Il dirigente produce in giudizio una serie di atti organizzativi relativi al periodo della sanzione che attribuivano ad altri settori la responsabilità in materia di dati personali evidenziando che le richieste di informazione del Garante erano state indirizzate all’ente e che pertanto non poteva essere investito di specifici obblighi di riscontro alle stesse.

La sentenza

Quanto all’imputazione della responsabilità per la mancata adozione delle misure minime di tutela nel trattamento dati, la Corte non condivide la prospettazione del Presidente.

In particolare, il Collegio ritiene che la responsabilità dello stesso possa essere argomentata in considerazione del dato che, in quanto legale rappresentante dell’ente titolare del trattamento, sul medesimo Presidente ricadeva l’attuazione degli obblighi incardinati nei confronti del titolare, confermati, tra l’altro, dalla delibera di nomina a tale incarico.

Peraltro, la titolarità dei dati non nasce da un’attribuzione volontaria, ma è determinata direttamente dalla legge nei confronti dell’entità collettiva.
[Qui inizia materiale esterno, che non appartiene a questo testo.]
lemma measured_state_qubit_index:
  assumes rho: "\<rho> \<in> carrier_mat 4 4" and r: "r < 8" and c: "c < 8"
  shows "measured_state 2 2 a \<rho> $$ (r, c) = a (r mod 2) $ (r div 4) * cnj (a (c mod 2) $ (c div 4))
     * basis_entry a \<rho> (r mod 2) (c mod 2) ((r div 2) mod 2) ((c div 2) mod 2)"
proof -
  let ?W = "qubit_meas_embedding a"
  define i k b i' k' b' where "i = r div 4" and "k = r mod 2" and "b = (r div 2) mod 2"
     and "i' = c div 4" and "k' = c mod 2" and "b' = (c div 2) mod 2"
  note idx = i_def k_def b_def i'_def k'_def b'_def
  have W1: "?W $$ (r, s) = (if b = s mod 2 then a k $ i * cnj (a k $ (s div 2)) else 0)" if "s < 4" for s
    using r that unfolding qubit_meas_embedding_def idx by simp
  have W2: "?W $$ (c, s) = (if b' = s mod 2 then a k' $ i' * cnj (a k' $ (s div 2)) else 0)" if "s < 4" for s
    using c that unfolding qubit_meas_embedding_def idx by simp
  have "measured_state 2 2 a \<rho> $$ (r, c) = (\<Sum>t\<in>{0..<4}. (\<Sum>s\<in>{0..<4}. ?W $$ (r, s) * \<rho> $$ (s, t)) * cnj (?W $$ (c, t)))"
    unfolding measured_state_qubit using rho r c by (simp add: qubit_meas_embedding_def scalar_prod_def)
  also have "\<dots> = a k $ i * cnj (a k' $ i') * basis_entry a \<rho> k k' b b'"
  proof -
    have "(b = 0 \<or> b = 1) \<and> (b' = 0 \<or> b' = 1)" unfolding idx by auto
    then show ?thesis
      by (elim conjE disjE; simp add: sum_0_upto_4 W1 W2 basis_entry_def sum_0_upto_2;
          simp add: algebra_simps eval_nat_numeral)
  qed
  finally show ?thesis unfolding idx .
qed

text \<open>The unitary \<open>|k\<rangle>|b'\<rangle>|b\<rangle> \<mapsto> |a\<^sub>k\<rangle>|b\<rangle>|b'\<rangle>\<close>.\<close>

definition basis_unitary :: "(nat \<Rightarrow> complex vec) \<Rightarrow> complex mat" where
  "basis_unitary a = mat 8 8 (\<lambda>(r, c).
     if (r div 2) mod 2 = c mod 2 \<and> r mod 2 = (c div 2) mod 2 then a (c div 4) $ (r div 4) else 0)"

definition ptrans_core :: "(nat \<Rightarrow> complex vec) \<Rightarrow> complex mat \<Rightarrow> complex mat" where
  "ptrans_core a \<rho> = mat 8 8 (\<lambda>(r, c).
     if r div 4 = (c div 2) mod 2 \<and> (r div 2) mod 2 = c div 4
     then basis_entry a \<rho> (r div 4) ((r div 2) mod 2) (r mod 2) (c mod 2) else 0)"

lemma ptrans_index_facts:
  fixes r c :: nat assumes "r < 8" "c < 8"
  shows "(2 * (r div 2) + c mod 2) div 4 = r div 4" "(2 * (r div 2) + c mod 2) mod 2 = c mod 2"
    "((2 * (r div 2) + c mod 2) div 2) mod 2 = (r div 2) mod 2" "2 * (r div 2) + c mod 2 < 8"
proof -
  have "r \<in> {0, 1, 2, 3, 4, 5, 6, 7}" "c mod 2 = 0 \<or> c mod 2 = 1" using assms by auto
  then show "(2 * (r div 2) + c mod 2) div 4 = r div 4" "(2 * (r div 2) + c mod 2) mod 2 = c mod 2"
    "((2 * (r div 2) + c mod 2) div 2) mod 2 = (r div 2) mod 2" "2 * (r div 2) + c mod 2 < 8"
    by (elim insertE emptyE disjE; simp)+
qed

lemma ptrans_measured_state_index:
  assumes rho: "\<rho> \<in> carrier_mat 4 4" and r: "r < 8" and c: "c < 8"
  shows "ptrans2 4 2 (measured_state 2 2 a \<rho>) $$ (r, c) = a (c mod 2) $ (r div 4) * cnj (a (r mod 2) $ (c div 4))
     * basis_entry a \<rho> (c mod 2) (r mod 2) ((r div 2) mod 2) ((c div 2) mod 2)"
proof -
  have "ptrans2 4 2 (measured_state 2 2 a \<rho>) $$ (r, c)
      = measured_state 2 2 a \<rho> $$ (2 * (r div 2) + c mod 2, 2 * (c div 2) + r mod 2)"
    using r c by (simp add: ptrans2_def)
  then show ?thesis
    using measured_state_qubit_index[OF rho ptrans_index_facts(4)[OF r c] ptrans_index_facts(4)[OF c r]]
      ptrans_index_facts[OF r c] ptrans_index_facts[OF c r] by simp
qed

lemma basis_unitary_conj_index:
  assumes r: "r < 8" and c: "c < 8"
  shows "(basis_unitary a * ptrans_core a \<rho> * mat_adjoint (basis_unitary a)) $$ (r, c)
     = a (c mod 2) $ (r div 4) * cnj (a (r mod 2) $ (c div 4))
       * basis_entry a \<rho> (c mod 2) (r mod 2) ((r div 2) mod 2) ((c div 2) mod 2)"
proof -
  let ?P = "basis_unitary a"
  define i k b i' k' b' where "i = r div 4" and "k = r mod 2" and "b = (r div 2) mod 2"
     and "i' = c div 4" and "k' = c mod 2" and "b' = (c div 2) mod 2"
  note idx = i_def k_def b_def i'_def k'_def b'_def
  have P1: "?P $$ (r, s) = (if b = s mod 2 \<and> k = (s div 2) mod 2 then a (s div 4) $ i else 0)" if "s < 8" for s
    using r that unfolding basis_unitary_def idx by simp
  have P2: "?P $$ (c, s) = (if b' = s mod 2 \<and> k' = (s div 2) mod 2 then a (s div 4) $ i' else 0)" if "s < 8" for s
    using c that unfolding basis_unitary_def idx by simp
  have "(?P * ptrans_core a \<rho> * mat_adjoint ?P) $$ (r, c)
      = (\<Sum>t\<in>{0..<8}. (\<Sum>s\<in>{0..<8}. ?P $$ (r, s) * ptrans_core a \<rho> $$ (s, t)) * cnj (?P $$ (c, t)))"
    using r c by (simp add: basis_unitary_def ptrans_core_def scalar_prod_def)
  also have "\<dots> = a k' $ i * cnj (a k $ i') * basis_entry a \<rho> k' k b b'"
  proof -
    have "(b = 0 \<or> b = 1) \<and> (b' = 0 \<or> b' = 1) \<and> (k = 0 \<or> k = 1) \<and> (k' = 0 \<or> k' = 1)"
      unfolding idx by auto
    then show ?thesis
      by (elim conjE disjE; simp add: sum_0_upto_8 P1 P2 ptrans_core_def)
  qed
  finally show ?thesis unfolding idx .
qed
Nel caso di specie, difetta l’esistenza di un atto scritto indirizzato al “responsabile al trattamento”, così come la puntuale individuazione delle competenze specifiche dello stesso e la corretta delimitazione dei suoi poteri, nonché quell’esercizio costante di poteri di vigilanza e di istruzione previsto dalla conferente normativa.

Pertanto, non sussiste dubbio alcuno circa la responsabilità del Presidente, che ha inopinatamente omesso di adempiere agli obblighi basilari previsti dalla allora vigente disciplina in materia di dati personali.

Tali omissioni hanno spiegato un rilievo causale anche in relazione alla seconda violazione sanzionata dal Garante, consistente nella tempestiva informazione delle misure adottate in ordine alla protezione dei dati personali, oltre a essere comunque ascrivibile al Presidente della Regione nella sua qualità di rappresentante legale dell’ente.

Si sottolinea che le omissioni rilevate sarebbero state in ogni caso imputabili al convenuto anche in caso di efficace nomina del responsabile del trattamento, atteso l’esistenza di un nucleo di funzioni non delegabili.

A considerazioni diverse si addiviene in relazione alla posizione del dirigente del dipartimento risorse umane sul quale non emerge la titolarità di alcuna funzione che potesse incardinare, in capo allo stesso, l’obbligo di fornire riscontro alle richieste del Garante o la responsabilità del loro ritardo.

Infatti, tale obbligo non discendeva né dalla titolarità di uffici muniti della relativa funzione, né dall’incarico attribuito dal titolare.

Peraltro, dall’esame delle note del Garante che hanno successivamente portato all’irrogazione della sanzione per il mancato riscontro si evidenzia che le stesse sono espressamente e specificamente indirizzate alla Regione con la conseguenza che nessun onere di tempestivo riscontro poteva essere addossato al dirigente.

Piuttosto, tali compiti erano incardinati, sotto il profilo esterno, al legale rappresentante dell’ente e, come ausilio interno, ad altri specifici uffici, sicchè nessun rilievo poteva assumere la semplice circostanza che le vicende che avevano dato origine alla denuncia al Garante fossero, in senso lato, riferibili al dipartimento diretto dal convenuto.

In conclusione, il Collegio accoglie la pretesa risarcitoria erariale in relazione alle richieste presentate nei confronti del Presidente della Regione, mentre esclude quella promosse nei confronti del dirigente.